I'm glad you posted this, because I wanted to post something like it myself.
I'm very new to my transition experience and in the early stages, but from what I have learned from myself in the last 3 months and realized over the last 7 years of my adult life, I am not a gay man as I came out as when I was 14 (very accepting parents, I was *very* lucky for them to accept even that back in the 2002).
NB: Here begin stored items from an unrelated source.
(* Grouping k < m by d = gcd(k, m): exactly phi(m/d) of them have gcd d. *)
lemma sum_over_gcd:
  fixes f :: "nat \<Rightarrow> 'a :: comm_semiring_1"
  assumes m: "m > 0"
  shows "(\<Sum>k<m. f (gcd k m)) = (\<Sum>d | d dvd m. of_nat (totient d) * f (m div d))"
proof -
  have "(\<Sum>k<m. f (gcd k m)) = (\<Sum>k\<in>{0<..m}. f (gcd k m))"
  proof -
    have "{..<m} = insert 0 {0<..<m}" and "{0<..m} = insert m {0<..<m}" using m by auto
    then show ?thesis by simp
  qed
  also have "\<dots> = (\<Sum>d \<in> (\<lambda>k. gcd k m) ` {0<..m}. \<Sum>k \<in> {k\<in>{0<..m}. gcd k m = d}. f (gcd k m))"
    by (rule sum.image_gen) simp
  also have "(\<lambda>k. gcd k m) ` {0<..m} = {d. d dvd m}"
  proof (intro equalityI subsetI)
    fix d assume "d \<in> {d. d dvd m}"
    then have "d \<in> {0<..m}" and "gcd d m = d"
      using m by (auto intro: dvd_imp_le Nat.gr0I simp: gcd_nat.absorb1)
    then show "d \<in> (\<lambda>k. gcd k m) ` {0<..m}" by force
  qed auto
  also have "(\<Sum>d | d dvd m. \<Sum>k \<in> {k\<in>{0<..m}. gcd k m = d}. f (gcd k m))
           = (\<Sum>d | d dvd m. of_nat (totient (m div d)) * f d)"
  proof (intro sum.cong refl)
    fix d assume "d \<in> {d. d dvd m}"
    then have "card {k\<in>{0<..m}. gcd k m = d} = totient (m div d)"
      using card_gcd_eq_totient[OF m] by simp
    then show "(\<Sum>k \<in> {k\<in>{0<..m}. gcd k m = d}. f (gcd k m)) = of_nat (totient (m div d)) * f d"
      by simp
  qed
  also have "\<dots> = (\<Sum>d | d dvd m. of_nat (totient d) * f (m div d))"
    using m by (intro sum.reindex_bij_witness[of _ "(div) m" "(div) m"]) (auto elim: dvdE)
  finally show ?thesis .
qed

theorem balanced_necklace_count:
  assumes "m > 0"
  shows "m * card (balanced_necklaces m) = (\<Sum>d | d dvd m. totient d * num_balanced (m div d))"
proof -
  let ?B = "{w :: bool list. length w = m \<and> balanced11 w}"
  have "finite ?B"
    by (rule finite_subset[OF _ finite_lists_length_eq[of "UNIV :: bool set" m]]) auto
  then have "m * card (balanced_necklaces m) = (\<Sum>k<m. card {w \<in> ?B. rotate k w = w})"
    unfolding balanced_necklaces_def using assms by (intro burnside_rotation) auto
  also have "\<dots> = (\<Sum>k<m. num_balanced (gcd k m))"
    using card_rotation_fixed_balanced[OF assms] card_balanced_words
    by (simp add: conj_assoc)
  also have "\<dots> = (\<Sum>d | d dvd m. totient d * num_balanced (m div d))"
    using sum_over_gcd[OF assms, of num_balanced] by simp
  finally show ?thesis .
qed

lemma fps_compose_X_power_nth:
  fixes a :: "'a :: comm_semiring_1 fps"
  assumes n: "n > 0"
  shows "(a oo fps_X ^ n) $ m = (if n dvd m then a $ (m div n) else 0)"
proof -
  have "(a oo fps_X ^ n) $ m = (\<Sum>i\<in>{0..m}. if i = m div n \<and> n dvd m then a $ i else 0)"
    unfolding fps_compose_nth
  proof (intro sum.cong refl)
    fix i
    have "m = n * i \<longleftrightarrow> i = m div n \<and> n dvd m" using n by auto
    then show "a $ i * ((fps_X ^ n) ^ i $ m) = (if i = m div n \<and> n dvd m then a $ i else 0)"
      by (simp add: power_mult[symmetric] mult.commute)
  qed
  also have "\<dots> = (if n dvd m then a $ (m div n) else 0)"
    by (auto simp: sum.delta')
  finally show ?thesis .
qed

(* A series sum_{k >= 1} c(k) * A(x^k) with A(0) = 0 converges in the formal
   topology (each coefficient gets contributions from only finitely many terms), and
   its n-th coefficient is the divisor sum sum_{d | n} c(d) * A_{n/d}. *)
lemma sums_divisor_composition:
  fixes c :: "nat \<Rightarrow> 'a :: comm_ring_1" and a G :: "'a fps"
  assumes a0: "a $ 0 = 0" and G0: "G $ 0 = 0"
    and coeff: "\<And>n. n > 0 \<Longrightarrow> G $ n = (\<Sum>d | d dvd n. c d * a $ (n div d))"
  shows "(\<lambda>k. fps_const (c (Suc k)) * (a oo fps_X ^ Suc k)) sums G"
proof -
  define f where "f k = fps_const (c (Suc k)) * (a oo fps_X ^ Suc k)" for k
  have nth: "f k $ n = (if Suc k dvd n then c (Suc k) * a $ (n div Suc k) else 0)" for k n
    by (simp add: f_def fps_compose_X_power_nth del: power_Suc)
  have partial_sum: "(\<Sum>k<N. f k) $ n = G $ n" if "n \<le> N" for N n
  proof (cases "n = 0")
    case True
    then show ?thesis by (simp add: fps_sum_nth nth a0 G0)
  next
    case False
    have "(\<Sum>k<N. f k) $ n = (\<Sum>k<N. f k $ n)" by (simp add: fps_sum_nth)
    also have "\<dots> = (\<Sum>k<n. f k $ n)"
      using that False by (intro sum.mono_neutral_right) (auto simp: nth dest: dvd_imp_le)
    also have "\<dots> = (\<Sum>d \<in> Suc ` {..<n}. if d dvd n then c d * a $ (n div d) else 0)"
      by (simp add: sum.reindex nth)
    also have "Suc ` {..<n} = {1..n}" by (simp add: image_Suc_lessThan)
    also have "(\<Sum>d\<in>{1..n}. if d dvd n then c d * a $ (n div d) else 0)
             = (\<Sum>d | d dvd n. c d * a $ (n div d))"
      using False by (subst sum.inter_filter[symmetric]) (auto intro!: sum.cong dest: dvd_imp_le Nat.gr0I)
    finally show ?thesis using coeff False by simp
  qed
  have "f sums G"
    unfolding sums_def by (rule tendsto_fpsI) (use partial_sum in \<open>auto simp: eventually_sequentially\<close>)
  then show ?thesis by (simp add: f_def[abs_def])
qed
I always felt as, a gay man, incredibly awkward while in relationships including: holding hands, giving flowers/gifts, who remember anniversaries, who pays, top/bottom/vers roles, 'sexiness of bathhouses', 'attractiveness of being promiscuous', kissing in public and most of all, the somewhat 'animalistic' and vastly testosterone-driven drive for sex immediately. I always looked for the gay man who would be the man, so I would be the woman --- but I didn't 'think' of it that way, because that's not how a gay man is, it is a give and take, a compromise: I always yearned for the opposite. For years I battled with disagreeing with all of it (and so much more), striving for the heterosexual norm, with all my gay peers constantly scrutinizing me. And I was always such an awkward gay man. I'd be the one covered in make-up, feminizing myself in every way and then wondering, why doesn't any gay guy like me, except for the ones who are as girly as I am (still don't get that)? After going after all the straight men with obviously, no successes, idolizing my female friends, being jealous of their gender and never relating to any gay man emotionally on structurally in the gay world, it was the real bubble burst that I was not actually gay at all.
Bottom line: preference only 'straight'/heterosexual men without getting into any debate of bi/curious TS ->-bleeped-<-s.